[Task statement]: Check every line of the entries below for the word "exists". Then give the number of lines that have it, with nothing added.

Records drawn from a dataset

definition HomS :: "'a monoid \<Rightarrow> 'a set \<Rightarrow> 'a set \<Rightarrow> ('a \<Rightarrow> 'a) set" where
  "HomS S P Q = {conjm S g P | g. g \<in> carrier S \<and> (\<forall>x\<in>P. g \<otimes>\<^bsub>S\<^esub> x \<otimes>\<^bsub>S\<^esub> inv\<^bsub>S\<^esub> g \<in> Q)}"

definition InjHom :: "'a monoid \<Rightarrow> 'a set \<Rightarrow> 'a set \<Rightarrow> ('a \<Rightarrow> 'a) set" where
  "InjHom S P Q = {\<phi>. \<phi> \<in> extensional P \<and> \<phi> \<in> hom (S\<lparr>carrier := P\<rparr>) (S\<lparr>carrier := Q\<rparr>)
                     \<and> inj_on \<phi> P}"

definition AutX :: "'a monoid \<Rightarrow> 'a set \<Rightarrow> 'a set \<Rightarrow> ('a \<Rightarrow> 'a) set" where
  "AutX S T P = {conjm S g P | g. g \<in> T}"

definition NS :: "'a monoid \<Rightarrow> 'a set \<Rightarrow> 'a set" where
  "NS S P = {g \<in> carrier S. (\<lambda>x. g \<otimes>\<^bsub>S\<^esub> x \<otimes>\<^bsub>S\<^esub> inv\<^bsub>S\<^esub> g) ` P = P}"

definition CS :: "'a monoid \<Rightarrow> 'a set \<Rightarrow> 'a set" where
  "CS S P = {g \<in> carrier S. \<forall>x\<in>P. g \<otimes>\<^bsub>S\<^esub> x = x \<otimes>\<^bsub>S\<^esub> g}"

definition ZZ :: "'a monoid \<Rightarrow> 'a set \<Rightarrow> 'a set" where
  "ZZ S P = {z \<in> P. \<forall>x\<in>P. z \<otimes>\<^bsub>S\<^esub> x = x \<otimes>\<^bsub>S\<^esub> z}"

text \<open>Fusion system on S (Broto-Levi-Oliver / Aschbacher-Kessar-Oliver, Def. I.2.1): a category
whose objects are the subgroups of S, with Hom_S(P,Q) contained in Hom_F(P,Q) contained in Inj(P,Q),
closed under composition (identities are in Hom_S), and such that every morphism is the composite
of an F-isomorphism onto its image followed by an inclusion.\<close>
definition fusion_system :: "'a monoid \<Rightarrow> ('a set \<Rightarrow> 'a set \<Rightarrow> ('a \<Rightarrow> 'a) set) \<Rightarrow> bool" where
  "fusion_system S F \<longleftrightarrow>
     (\<forall>P Q. (subgroup P S \<and> subgroup Q S \<longrightarrow> HomS S P Q \<subseteq> F P Q \<and> F P Q \<subseteq> InjHom S P Q)
          \<and> (\<not> (subgroup P S \<and> subgroup Q S) \<longrightarrow> F P Q = {}))
   \<and> (\<forall>P Q R \<phi> \<psi>. \<phi> \<in> F P Q \<longrightarrow> \<psi> \<in> F Q R \<longrightarrow> compose P \<psi> \<phi> \<in> F P R)
   \<and> (\<forall>P Q \<phi>. \<phi> \<in> F P Q \<longrightarrow> \<phi> \<in> F P (\<phi> ` P) \<and> restrict (inv_into P \<phi>) (\<phi> ` P) \<in> F (\<phi> ` P) P)"
lemma is_basis_Pn01_if_coeff_system_bijective:
  fixes p :: "nat \<Rightarrow> real poly"
  assumes f_poly: "\<And>k t. k \<le> n \<Longrightarrow> t \<in> {0..1} \<Longrightarrow> f k t = poly (p k) t"
    and degree: "\<And>k. k \<le> n \<Longrightarrow> degree (p k) \<le> n"
    and solvable: "\<And>d. \<exists>c. \<forall>j\<le>n. (\<Sum>k\<le>n. c k * coeff (p k) j) = d j"
    and unique: "\<And>c k. (\<And>j. j \<le> n \<Longrightarrow> (\<Sum>k\<le>n. c k * coeff (p k) j) = 0) \<Longrightarrow> k \<le> n \<Longrightarrow> c k = 0"
  shows "is_basis_Pn01 n f"
proof -
  define comb where "comb c = (\<Sum>k\<le>n. smult (c k) (p k))" for c
  have poly_comb: "poly (comb c) t = (\<Sum>k\<le>n. c k * f k t)" if "t \<in> {0..1}" for c t
    unfolding comb_def poly_sum using f_poly that by (auto intro!: sum.cong)
  have coeff_comb: "coeff (comb c) j = (\<Sum>k\<le>n. c k * coeff (p k) j)" for c j
    unfolding comb_def by (simp add: coeff_sum)
  have independent: "c k = 0"
    if "\<forall>t\<in>{0..1}. (\<Sum>k\<le>n. c k * f k t) = 0" "k \<le> n" for c k
  proof -
    have "comb c = 0"
      by (rule poly_eq_0_if_infinite_roots[of "{0..1}"]) (use that poly_comb in auto)
    then show ?thesis using unique[of c] coeff_comb that(2) by (metis coeff_0)
  qed
  have spanning: "\<exists>c. \<forall>t\<in>{0..1}. poly q t = (\<Sum>k\<le>n. c k * f k t)" if "degree q \<le> n" for q
  proof -
    obtain c where c: "\<forall>j\<le>n. (\<Sum>k\<le>n. c k * coeff (p k) j) = coeff q j"
      using solvable by blast
    have "coeff (comb c) j = coeff q j" for j
    proof (cases "j \<le> n")
      case False
      then have "coeff q j = 0" "\<And>k. k \<le> n \<Longrightarrow> coeff (p k) j = 0"
        using that degree by (meson coeff_eq_0 le_trans not_le)+
      then show ?thesis unfolding coeff_comb by simp
    qed (use c coeff_comb in auto)
    then have "comb c = q" by (rule poly_eqI)
    then show ?thesis using poly_comb by blast
  qed
  show ?thesis
    unfolding is_basis_Pn01_def using f_poly degree independent spanning by blast
qed

lemma is_basis_Pn01_lower_triangular:
  fixes p :: "nat \<Rightarrow> real poly"
  assumes "\<And>k t. k \<le> n \<Longrightarrow> t \<in> {0..1} \<Longrightarrow> f k t = poly (p k) t"
    and "\<And>k. k \<le> n \<Longrightarrow> degree (p k) \<le> n"
    and diag: "\<And>k. k \<le> n \<Longrightarrow> coeff (p k) k \<noteq> 0"
    and lower: "\<And>k j. k \<le> n \<Longrightarrow> j < k \<Longrightarrow> coeff (p k) j = 0"
  shows "is_basis_Pn01 n f"
proof (rule is_basis_Pn01_if_coeff_system_bijective[of n f p])
  show "\<exists>c. \<forall>j\<le>n. (\<Sum>k\<le>n. c k * coeff (p k) j) = d j" for d
    by (rule lower_triangular_system_solvable[OF diag lower])
  show "c k = 0" if "\<And>j. j \<le> n \<Longrightarrow> (\<Sum>k\<le>n. c k * coeff (p k) j) = 0" "k \<le> n" for c k
    by (rule lower_triangular_system_unique[OF diag lower that])
qed (use assms in blast)+

lemma is_basis_Pn01_upper_triangular:
  fixes p :: "nat \<Rightarrow> real poly"
  assumes "\<And>k t. k \<le> n \<Longrightarrow> t \<in> {0..1} \<Longrightarrow> f k t = poly (p k) t"
    and degree: "\<And>k. k \<le> n \<Longrightarrow> degree (p k) \<le> k"
    and diag: "\<And>k. k \<le> n \<Longrightarrow> coeff (p k) k \<noteq> 0"
  shows "is_basis_Pn01 n f"
proof -
  have upper: "\<And>k j. k \<le> n \<Longrightarrow> k < j \<Longrightarrow> coeff (p k) j = 0"
    using degree by (meson coeff_eq_0 le_less_trans)
  show ?thesis
  proof (rule is_basis_Pn01_if_coeff_system_bijective[of n f p])
    show "\<exists>c. \<forall>j\<le>n. (\<Sum>k\<le>n. c k * coeff (p k) j) = d j" for d
      by (rule upper_triangular_system_solvable[OF diag upper])
    show "c k = 0" if "\<And>j. j \<le> n \<Longrightarrow> (\<Sum>k\<le>n. c k * coeff (p k) j) = 0" "k \<le> n" for c k
      by (rule upper_triangular_system_unique[OF diag upper that])
    show "degree (p k) \<le> n" if "k \<le> n" for k
      using degree[OF that] that by (rule le_trans)
  qed (use assms in blast)
qed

[Expected answer]: 4